Instructions to follow ->
Lines after the one containing "obtain g e where" are to be omitted; print exactly each line from the start of the records up to and including it.

Raw data ->
lemma le_ACE_I_rounds_word:
  fixes \<Gamma> :: "nat set"
  assumes "0 < n" "finite \<Gamma>" "2 \<le> card \<Gamma>"
  shows "ereal (real n) \<le> ACE_I {0..<2 * n} \<Gamma> (rounds_word n x)"
proof -
  obtain g e where "g \<in> \<Gamma>" "e \<in> \<Gamma>" "g \<noteq> e"
    using assms(3) card_le_Suc0_iff_eq[OF assms(2)] by force
  then have "letter_code n g e \<in> inj_morphs {0..<2 * n} \<Gamma>" by (rule letter_code_in_inj_morphs)
  moreover have "ereal (real n) \<le> ACE (morph_inf (letter_code n g e) (rounds_word n x))"
    by (rule le_ACE_morph_letter_code_rounds_word[OF assms(1)])
  ultimately show ?thesis unfolding ACE_I_def by (intro SUP_upper2[of "letter_code n g e"])
qed

theorem theorem24:
  fixes n :: nat
  assumes "n \<ge> 1"
  shows "\<exists>w :: nat \<Rightarrow> nat. range w \<subseteq> {0..<2*n} \<and> ACE w = 1 \<and>
           (\<forall>\<Gamma> :: nat set. finite \<Gamma> \<and> card \<Gamma> \<ge> 2 \<longrightarrow>
              ACE_I {0..<2*n} \<Gamma> w \<ge> ereal (real n))"
proof -
  have "0 < n" using assms by simp
  obtain x :: "nat \<Rightarrow> bool" where x: "bounded_reps rep_bound x"
    using exists_bounded_reps_binary_word by blast
  have "range (rounds_word n x) \<subseteq> {0..<2 * n}" using rounds_word_less[OF \<open>0 < n\<close>] by auto
  moreover have "ACE (rounds_word n x) = 1" by (rule ACE_rounds_word[OF \<open>0 < n\<close> x])
  moreover have "ereal (real n) \<le> ACE_I {0..<2 * n} \<Gamma> (rounds_word n x)"
    if "finite \<Gamma>" "2 \<le> card \<Gamma>" for \<Gamma> :: "nat set"
    using le_ACE_I_rounds_word[OF \<open>0 < n\<close> that] .
  ultimately show ?thesis by blast
qed

end
lemma sum_alternating_sign: "(\<Sum>i<t. (-1) ^ Suc i :: int) = (if even t then 0 else -1)"
  by (induction t) auto

lemma abs_alternating_sum_le: "\<bar>\<Sum>i<t. (-1) ^ Suc i * int (d i)\<bar> \<le> int (\<Sum>i<t. d i)"
proof -
  have "\<bar>\<Sum>i<t. (-1) ^ Suc i * int (d i)\<bar> \<le> (\<Sum>i<t. \<bar>(-1) ^ Suc i * int (d i)\<bar>)"
    by (rule sum_abs)
  then show ?thesis by (simp add: abs_mult)
qed

lemma even_alternating_sum_iff: "even (\<Sum>i<t. (-1) ^ Suc i * int (d i)) \<longleftrightarrow> even (\<Sum>i<t. d i)"
proof -
  have "(\<Sum>i<t. (-1) ^ Suc i * int (d i)) = int (\<Sum>i<t. d i) + (\<Sum>i<t. ((-1) ^ Suc i - 1) * int (d i))"
    by (simp add: of_nat_sum algebra_simps sum_subtractf)
  moreover have "even (\<Sum>i<t. ((-1) ^ Suc i - 1) * int (d i))"
    by (rule dvd_sum) (auto simp: minus_one_power_iff)
  ultimately show ?thesis by (simp del: of_nat_sum)
qed

lemma O_q_minus_E_q: "int (O_q q n u) - int (E_q q n u) = alt_digit_sum q n u"
proof -
  have "O_q q n u = (\<Sum>i<n. if odd i then qdigit q i u else 0)"
    "E_q q n u = (\<Sum>i<n. if even i then qdigit q i u else 0)"
    unfolding O_q_def E_q_def by (simp_all add: sum.If_cases Collect_conj_eq lessThan_def Int_commute)
  then have "int (O_q q n u) - int (E_q q n u)
      = (\<Sum>i<n. int (if odd i then qdigit q i u else 0) - int (if even i then qdigit q i u else 0))"
    by (simp only: of_nat_sum sum_subtractf)
  also have "\<dots> = alt_digit_sum q n u"
    unfolding alt_digit_sum_def by (rule sum.cong) auto
  finally show ?thesis .
qed

lemma card_odd_lessThan_double: "card {i. i < 2 * m \<and> odd i} = m"
proof -
  have "{i. i < 2 * m \<and> odd i} = (\<lambda>k. 2 * k + 1) ` {..<m}"
    by (auto simp: image_def elim!: oddE)
  then show ?thesis by (simp add: card_image inj_on_def)
qed

lemma card_even_lessThan_double: "card {i. i < 2 * m \<and> even i} = m"
proof -
  have "{i. i < 2 * m \<and> even i} = (\<lambda>k. 2 * k) ` {..<m}"
    by (auto simp: image_def elim!: evenE)
  then show ?thesis by (simp add: card_image inj_on_def)
qed

lemma abs_alt_digit_sum_le:
  assumes "0 < q"
  shows "\<bar>alt_digit_sum q (2 * m) u\<bar> \<le> int (m * (q - 1))"
proof -
  have digit_le: "qdigit q i u \<le> q - 1" for i
    using qdigit_less[OF assms, of i u] by linarith
  have "O_q q (2 * m) u \<le> of_nat (card {i. i < 2 * m \<and> odd i}) * (q - 1)"
    "E_q q (2 * m) u \<le> of_nat (card {i. i < 2 * m \<and> even i}) * (q - 1)"
    unfolding O_q_def E_q_def by (rule sum_bounded_above, rule digit_le)+
  then have "O_q q (2 * m) u \<le> m * (q - 1)" "E_q q (2 * m) u \<le> m * (q - 1)"
    by (simp_all add: card_odd_lessThan_double card_even_lessThan_double)
  then show ?thesis
    unfolding O_q_minus_E_q[symmetric] by linarith
qed

lemma
  assumes "0 < q" "\<forall>i<t. e i < q" "t \<le> n"
  shows wt_q_sum_power: "wt_q q n (\<Sum>k<t. e k * q ^ k) = (\<Sum>k<t. e k)"
    and alt_digit_sum_sum_power:
      "alt_digit_sum q n (\<Sum>k<t. e k * q ^ k) = (\<Sum>k<t. (-1) ^ Suc k * int (e k))"
proof -
  have sub: "{..<t} \<subseteq> {..<n}" using assms(3) by auto
  show "wt_q q n (\<Sum>k<t. e k * q ^ k) = (\<Sum>k<t. e k)"
    unfolding wt_q_def qdigit_sum_power[OF assms(1,2)]
    by (subst sum.mono_neutral_right[OF _ sub]) auto
  show "alt_digit_sum q n (\<Sum>k<t. e k * q ^ k) = (\<Sum>k<t. (-1) ^ Suc k * int (e k))"
    unfolding alt_digit_sum_def qdigit_sum_power[OF assms(1,2)]
    by (subst sum.mono_neutral_right[OF _ sub]) auto
qed

section \<open>Weights of complemented exponents\<close>

(* The flag b adds a leading digit 1 at position t: b = 0 gives the exponents below delta,
   b = 1 the exponents delta + u, with c = q^t - u. *)
lemma
  assumes "2 \<le> q" "c < q ^ t" "b \<le> 1" "t + b \<le> n"
  shows wt_q_complement: "int (wt_q q n (b * q ^ t + (q ^ t - 1 - c)))
      = int t * (int q - 1) - int (\<Sum>i<t. qdigit q i c) + int b"
    and alt_digit_sum_complement: "alt_digit_sum q n (b * q ^ t + (q ^ t - 1 - c))
      = (if even t then 0 else 1 - int q) - (\<Sum>i<t. (-1) ^ Suc i * int (qdigit q i c))
        + int b * (-1) ^ Suc t"
proof -
  define e where "e i = (if i < t then q - 1 - qdigit q i c else 1)" for i
  have e_int: "int (e i) = int q - 1 - int (qdigit q i c)" if "i < t" for i
    using that qdigit_less[of q i c] assms(1) by (simp add: e_def of_nat_diff)
  have q_pos: "0 < q" using assms(1) by simp
  have e_less: "\<forall>k<t + b. e k < q"
    using assms(1) by (auto simp: e_def)
  have "q ^ t - 1 - c = (\<Sum>k<t. e k * q ^ k)"
    using complement_qdigits[of q c t] assms(1,2) by (simp add: e_def)
  then have s_eq: "b * q ^ t + (q ^ t - 1 - c) = (\<Sum>k<t + b. e k * q ^ k)"
    using assms(3) by (cases b) (auto simp: e_def)
  have "int (wt_q q n (b * q ^ t + (q ^ t - 1 - c))) = (\<Sum>k<t + b. int (e k))"
    unfolding s_eq wt_q_sum_power[OF q_pos e_less assms(4)] by (simp add: of_nat_sum)
  also have "\<dots> = (\<Sum>k<t. int (e k)) + int b"
    using assms(3) by (cases b) (auto simp: e_def)
  finally show "int (wt_q q n (b * q ^ t + (q ^ t - 1 - c)))
      = int t * (int q - 1) - int (\<Sum>i<t. qdigit q i c) + int b"
    by (simp add: e_int of_nat_sum sum_subtractf)
  have "alt_digit_sum q n (b * q ^ t + (q ^ t - 1 - c)) = (\<Sum>k<t + b. (-1) ^ Suc k * int (e k))"
    unfolding s_eq alt_digit_sum_sum_power[OF q_pos e_less assms(4)] ..
  also have "\<dots> = (\<Sum>k<t. (-1) ^ Suc k * int (e k)) + int b * (-1) ^ Suc t"
    using assms(3) by (cases b) (auto simp: e_def)
  also have "(\<Sum>k<t. (-1) ^ Suc k * int (e k))
      = (\<Sum>k<t. (int q - 1) * (-1) ^ Suc k - (-1) ^ Suc k * int (qdigit q k c))"
    by (intro sum.cong refl) (simp add: e_int algebra_simps)
  also have "\<dots> = (int q - 1) * (\<Sum>k<t. (-1) ^ Suc k) - (\<Sum>k<t. (-1) ^ Suc k * int (qdigit q k c))"
    by (simp only: sum_subtractf sum_distrib_left)
  finally show "alt_digit_sum q n (b * q ^ t + (q ^ t - 1 - c))
      = (if even t then 0 else 1 - int q) - (\<Sum>i<t. (-1) ^ Suc i * int (qdigit q i c))
        + int b * (-1) ^ Suc t"
    using sum_alternating_sign[of t] by simp
qed
(* Let $G$ be a finite connected graph and $r\in\mathbb{N}$. Then the group $\mathcal{D}_r$ of deck transformations of the $r$-local covering $p_r:G_r\to G$ is finitely presented.
   Context: Graphs may have loops and parallel edges and are viewed as 1-complexes; a cycle may be a loop or a pair of parallel edges. A closed walk once around a cycle $O$ is a closed walk in $O$ traversing every edge of $O$ exactly once. For a vertex $x_0$, $\pi_1^r(G,x_0)$ is the subgroup of $\pi_1(G,x_0)$ generated by the classes of all closed walks $W_0QW_0^-$, where $W_0$ is a walk from $x_0$ to a vertex $y$, $Q$ a closed walk at $y$ once around a cycle of length at most $r$, and $W_0^-$ the reverse of $W_0$; it is normal. The $r$-local covering $p_r:G_r\to G$ is the connected normal covering with characteristic subgroup $\pi_1^r(G,x_0)$; its deck group is $\mathcal{D}_r\cong\pi_1(G,x_0)/\pi_1^r(G,x_0)$. *)

theory Defs
  imports "HOL-Algebra.Algebra"
begin

text \<open>Letters are pairs (a, b); (a, \<not> b) is the formal inverse of (a, b).
  For graphs, a letter is a dart: an edge together with a direction.\<close>

definition flip :: "'a \<times> bool \<Rightarrow> 'a \<times> bool" where
  "flip d = (fst d, \<not> snd d)"

definition inv_word :: "('a \<times> bool) list \<Rightarrow> ('a \<times> bool) list" where
  "inv_word w = rev (map flip w)"

definition red_step :: "(('a \<times> bool) list \<times> ('a \<times> bool) list) set" where
  "red_step = {(u @ [a, flip a] @ v, u @ v) | u a v. True}"

definition word_equiv :: "(('a \<times> bool) list \<times> ('a \<times> bool) list) set" where
  "word_equiv = (red_step \<union> red_step\<inverse>)\<^sup>*"
lemma regular_simplex_dist_facet_iff:
  fixes n :: nat and A :: "nat \<Rightarrow> 'a::euclidean_space"
  defines "G \<equiv> centroid {1..n} A"
  assumes reg: "regular_simplex n A" and "1 \<le> n"
  shows "(\<forall>i\<in>{1..n}. dist Q (A i) = dist (A 0) (A 1)) \<longleftrightarrow>
           (\<forall>i\<in>{1..n}. (Q - G) \<bullet> (A i - G) = 0) \<and>
           (dist Q G)\<^sup>2 = (real n + 1) / (2 * real n) * (dist (A 0) (A 1))\<^sup>2"
proof -
  define u where "u = dist (A 0) (A 1)"
  define \<rho> where "\<rho> = dist (A 1) G"
  have \<rho>2: "(dist (A i) G)\<^sup>2 = (real n - 1) / (2 * real n) * u\<^sup>2" if "i \<in> {1..n}" for i
    using regular_simplex_dist_centroid[OF reg \<open>1 \<le> n\<close>, of "{1..n}" i] that
    by (simp add: G_def u_def)
  have "\<forall>i\<in>{1..n}. dist (A i) G = \<rho>"
  proof
    fix i assume "i \<in> {1..n}"
    then have "(dist (A i) G)\<^sup>2 = \<rho>\<^sup>2"
      using \<rho>2[of i] \<rho>2[of 1] \<open>1 \<le> n\<close> by (simp add: \<rho>_def)
    then show "dist (A i) G = \<rho>"
      by (simp add: \<rho>_def power2_eq_iff_nonneg)
  qed
  moreover have "(\<Sum>i\<in>{1..n}. A i - G) = 0"
    using \<open>1 \<le> n\<close> unfolding G_def by (intro sum_diff_centroid) auto
  ultimately have "(\<forall>i\<in>{1..n}. dist Q (A i) = u) \<longleftrightarrow>
               (\<forall>i\<in>{1..n}. (Q - G) \<bullet> (A i - G) = 0) \<and> (dist Q G)\<^sup>2 + \<rho>\<^sup>2 = u\<^sup>2"
    using \<open>1 \<le> n\<close> by (intro dist_all_eq_iff_orthogonal) (auto simp: u_def)
  moreover have "u\<^sup>2 - \<rho>\<^sup>2 = (real n + 1) / (2 * real n) * u\<^sup>2"
    using \<rho>2[of 1] \<open>1 \<le> n\<close> by (simp add: \<rho>_def field_simps)
  then have "(dist Q G)\<^sup>2 + \<rho>\<^sup>2 = u\<^sup>2 \<longleftrightarrow> (dist Q G)\<^sup>2 = (real n + 1) / (2 * real n) * u\<^sup>2"
    by linarith
  ultimately show ?thesis
    by (simp only: u_def)
qed

lemma regular_simplex_fun_upd_iff_sphere:
  fixes n :: nat and A :: "nat \<Rightarrow> 'a::euclidean_space"
  defines "G \<equiv> centroid {1..n} A"
  assumes reg: "regular_simplex n A" and "2 \<le> n"
  shows "regular_simplex n (A(0 := Q)) \<longleftrightarrow>
           (\<forall>i\<in>{1..n}. (Q - G) \<bullet> (A i - G) = 0) \<and> dist Q G = dist (A 0) G"
proof -
  have "1 \<le> n"
    using \<open>2 \<le> n\<close> by simp
  note facet = regular_simplex_dist_facet_iff[OF reg \<open>1 \<le> n\<close>, folded G_def]
  have "\<forall>i\<in>{1..n}. dist (A 0) (A i) = dist (A 0) (A 1)"
    using \<open>1 \<le> n\<close> by (intro ballI regular_simplex_dist_eq_edge[OF reg]) auto
  then have "(dist (A 0) G)\<^sup>2 = (real n + 1) / (2 * real n) * (dist (A 0) (A 1))\<^sup>2"
    using facet by blast
  then have "(dist Q G)\<^sup>2 = (real n + 1) / (2 * real n) * (dist (A 0) (A 1))\<^sup>2
               \<longleftrightarrow> dist Q G = dist (A 0) G"
    by (metis power2_eq_iff_nonneg zero_le_dist)
  then show ?thesis
    by (simp only: regular_simplex_fun_upd_iff[OF reg \<open>2 \<le> n\<close>] facet)
qed

lemma regular_simplex_height:
  assumes reg: "regular_simplex n A" and "1 \<le> n"
  shows "dist (A 0) (centroid {1..n} A) = sqrt ((real n + 1) / (2 * real n)) * dist (A 0) (A 1)"
proof -
  have "\<forall>i\<in>{1..n}. dist (A 0) (A i) = dist (A 0) (A 1)"
    using \<open>1 \<le> n\<close> by (intro ballI regular_simplex_dist_eq_edge[OF reg]) auto
  then have "(dist (A 0) (centroid {1..n} A))\<^sup>2 = (real n + 1) / (2 * real n) * (dist (A 0) (A 1))\<^sup>2"
    using regular_simplex_dist_facet_iff[OF reg \<open>1 \<le> n\<close>] by blast
  then show ?thesis
    by (simp add: eq_sqrt_mult_if_power2_eq)
qed

lemma regular_simplex_circumradius:
  assumes reg: "regular_simplex n A" and "1 \<le> n"
  shows "circumradius n A = sqrt (real n / (2 * (real n + 1))) * dist (A 0) (A 1)"
proof (rule circumradius_eqI)
  show "centroid {0..n} A \<in> affine hull (A ` {0..n})"
    by (rule centroid_in_affine_hull) auto
  show "\<forall>i\<in>{0..n}. dist (centroid {0..n} A) (A i) = sqrt (real n / (2 * (real n + 1))) * dist (A 0) (A 1)"
  proof
    fix i assume "i \<in> {0..n}"
    then have "(dist (A i) (centroid {0..n} A))\<^sup>2 = real n / (2 * (real n + 1)) * (dist (A 0) (A 1))\<^sup>2"
      using regular_simplex_dist_centroid[OF reg \<open>1 \<le> n\<close>, of "{0..n}" i] by simp
    then show "dist (centroid {0..n} A) (A i) = sqrt (real n / (2 * (real n + 1))) * dist (A 0) (A 1)"
      by (simp add: eq_sqrt_mult_if_power2_eq dist_commute)
  qed
qed

lemma regular_simplex_apex_dist_image:
  fixes n :: nat and A :: "nat \<Rightarrow> 'a::euclidean_space"
  defines "G \<equiv> centroid {1..n} A"
  assumes reg: "regular_simplex n A" and "2 \<le> n" and "n + 1 \<le> DIM('a)"
  shows "(\<lambda>Q. dist Q (A 0)) ` {Q. regular_simplex n (A(0 := Q))} = {0 .. 2 * dist (A 0) G}"
proof -
  define W where "W = (\<lambda>i. A i - G) ` {1..n}"
  have apexes: "{Q. regular_simplex n (A(0 := Q))}
      = {Q. (\<forall>w\<in>W. (Q - G) \<bullet> w = 0) \<and> dist Q G = dist (A 0) G}"
    using regular_simplex_fun_upd_iff_sphere[OF reg \<open>2 \<le> n\<close>] by (auto simp: W_def G_def)
  then have orth: "\<forall>w\<in>W. (A 0 - G) \<bullet> w = 0"
    using reg by auto
  have "G \<in> affine hull (A ` {1..n})"
    using \<open>2 \<le> n\<close> unfolding G_def by (intro centroid_in_affine_hull) auto
  moreover have "affine hull (A ` {1..n}) \<subseteq> affine hull (A ` {0..n})"
    by (intro hull_mono) auto
  ultimately have "G \<in> affine hull (A ` {0..n})"
    by blast
  moreover have "A i \<in> affine hull (A ` {0..n})" if "i \<le> n" for i
    using that by (intro hull_inc) auto
  ultimately have "dim (insert (A 0 - G) W) < card (A ` {0..n})"
    by (intro dim_diffs_affine_hull_less_card) (auto simp: W_def)
  also have "\<dots> \<le> DIM('a)"
    using card_image_le[of "{0..n}" A] \<open>n + 1 \<le> DIM('a)\<close> by simp
  finally show ?thesis
    unfolding apexes using orth by (intro dist_image_sphere_orthogonal)
qed
lemma occ_flow:
  assumes pol: "act_policy G \<pi>" and fo: "finite_occ G T \<pi>" and s: "s \<in> jS G - T"
  shows "(\<Sum>a\<in>jA G. occ G T \<pi> s a) =
     (\<Sum>s'\<in>jS G - T. \<Sum>b\<in>jA G. occ G T \<pi> s' b * jP G s' b s) + (if s = sinit G then 1 else 0)"
proof -
  let ?d = "\<lambda>t s. stdist G T \<pi> t s"
  have sm: "summable (\<lambda>t. ?d t s' * \<pi> s' b * jP G s' b s)" if "s' \<in> jS G - T" "b \<in> jA G" for s' b
    using fo that by (auto simp: finite_occ_def intro: summable_mult2)
  have "(\<Sum>a\<in>jA G. occ G T \<pi> s a) = (\<Sum>a\<in>jA G. (\<Sum>t. ?d t s) * \<pi> s a)"
    unfolding occ_def by (intro sum.cong refl suminf_mult2[symmetric] summable_stdist[OF pol fo s])
  also have "\<dots> = (\<Sum>t. ?d t s)"
    using pol s by (simp add: sum_distrib_left[symmetric] act_policy_def)
  also have "\<dots> = (\<Sum>t. ?d (Suc t) s) + ?d 0 s"
    using suminf_split_head[OF summable_stdist[OF pol fo s]] by simp
  also have "(\<Sum>t. ?d (Suc t) s) = (\<Sum>t. \<Sum>s'\<in>jS G - T. \<Sum>b\<in>jA G. ?d t s' * \<pi> s' b * jP G s' b s)"
    using s by (simp add: sum_distrib_left mult.assoc)
  also have "\<dots> = (\<Sum>s'\<in>jS G - T. \<Sum>b\<in>jA G. \<Sum>t. ?d t s' * \<pi> s' b * jP G s' b s)"
    using sm by (subst suminf_sum) (auto intro!: summable_sum sum.cong suminf_sum)
  also have "\<dots> = (\<Sum>s'\<in>jS G - T. \<Sum>b\<in>jA G. occ G T \<pi> s' b * jP G s' b s)"
    unfolding occ_def using fo
    by (intro sum.cong refl suminf_mult2[symmetric]) (auto simp: finite_occ_def)
  finally show ?thesis using s by simp
qed
lemma energy_estimate:
  assumes "x < 0" and margin: "\<And>u. 0 \<le> u \<Longrightarrow> u \<le> \<phi> x \<Longrightarrow> d * (1 - \<sigma>) * u \<le> f u"
  shows "ennreal d * deficit x + reaction_excess x \<le> ennreal (c * (\<phi> x + d / \<mu>))"
proof -
  let ?s = "d * (1 - \<sigma>)" and ?P = "profile_mass x"
  let ?Q = "\<integral>\<^sup>+y. ennreal (indicator {..0} y * \<phi> y) * kernel_mass K {x..<0} y \<partial>lborel"
  define Z where "Z = ennreal d * flux x {..<x} + ennreal d * flux x {x..<0} + ennreal ?s * ?P"
  have "flux x {x..<0} + flux x {..<x} \<le> ?P * ennreal \<sigma>"
    unfolding flux_partition[OF assms(1), symmetric] by (rule add_increasing2) auto
  then have "Z \<noteq> \<infinity>"
    using profile_mass_finite[OF assms(1)]
    by (auto simp: Z_def ennreal_mult_eq_top_iff ennreal_mult_less_top top_unique)
  have d_split: "ennreal d = ennreal d * ennreal \<sigma> + ennreal ?s"
    using d_pos sigma_nonneg sigma_le_1
    by (simp add: ennreal_mult[symmetric] ennreal_plus[symmetric] algebra_simps del: ennreal_plus)
  have reaction: "(\<integral>\<^sup>+y. ennreal (indicator {x..<0} y * f (\<phi> y)) \<partial>lborel) = reaction_excess x + ennreal ?s * ?P"
    by (rule reaction_split) (fact margin)
  have balance: "ennreal d * ?Q + (reaction_excess x + ennreal ?s * ?P) = ennreal d * ?P + ennreal (c * \<phi> x)"
    unfolding reaction[symmetric] using margin_imp_reaction_nonneg[OF margin]
    by (rule ode_balance[OF assms(1)])
  have "Z + (ennreal d * deficit x + reaction_excess x)
      = ennreal d * (ennreal (\<phi> x) * (\<integral>\<^sup>+y. indicator {x..<0} y * kernel_mass K {..<x} y \<partial>lborel)
          + flux x {x..<0}) + (reaction_excess x + ennreal ?s * ?P)"
    unfolding Z_def deficit_split by (simp add: distrib_left add_ac)
  also have "\<dots> \<le> ennreal d * ?Q + (reaction_excess x + ennreal ?s * ?P)"
    by (intro add_mono mult_left_mono nonlocal_mass_lower_bound[OF assms(1)]) simp_all
  also have "\<dots> = ennreal d * (?P * ennreal \<sigma>) + ennreal ?s * ?P + ennreal (c * \<phi> x)"
    unfolding balance by (subst d_split) (simp add: distrib_left distrib_right mult_ac)
  also have "\<dots> = Z + (ennreal d * flux x {0..} + ennreal (c * \<phi> x))"
    unfolding flux_partition[OF assms(1), symmetric] Z_def by (simp add: distrib_left add_ac)
  also have "\<dots> \<le> Z + ennreal (c * (\<phi> x + d / \<mu>))"
    using outflow_le_speed assms(1) by (intro add_left_mono) simp
  finally show ?thesis
    using \<open>Z \<noteq> \<infinity>\<close> by (simp only: ennreal_add_left_cancel_le) simp
qed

Response to the exercise ->
lemma le_ACE_I_rounds_word:
  fixes \<Gamma> :: "nat set"
  assumes "0 < n" "finite \<Gamma>" "2 \<le> card \<Gamma>"
  shows "ereal (real n) \<le> ACE_I {0..<2 * n} \<Gamma> (rounds_word n x)"
proof -
  obtain g e where "g \<in> \<Gamma>" "e \<in> \<Gamma>" "g \<noteq> e"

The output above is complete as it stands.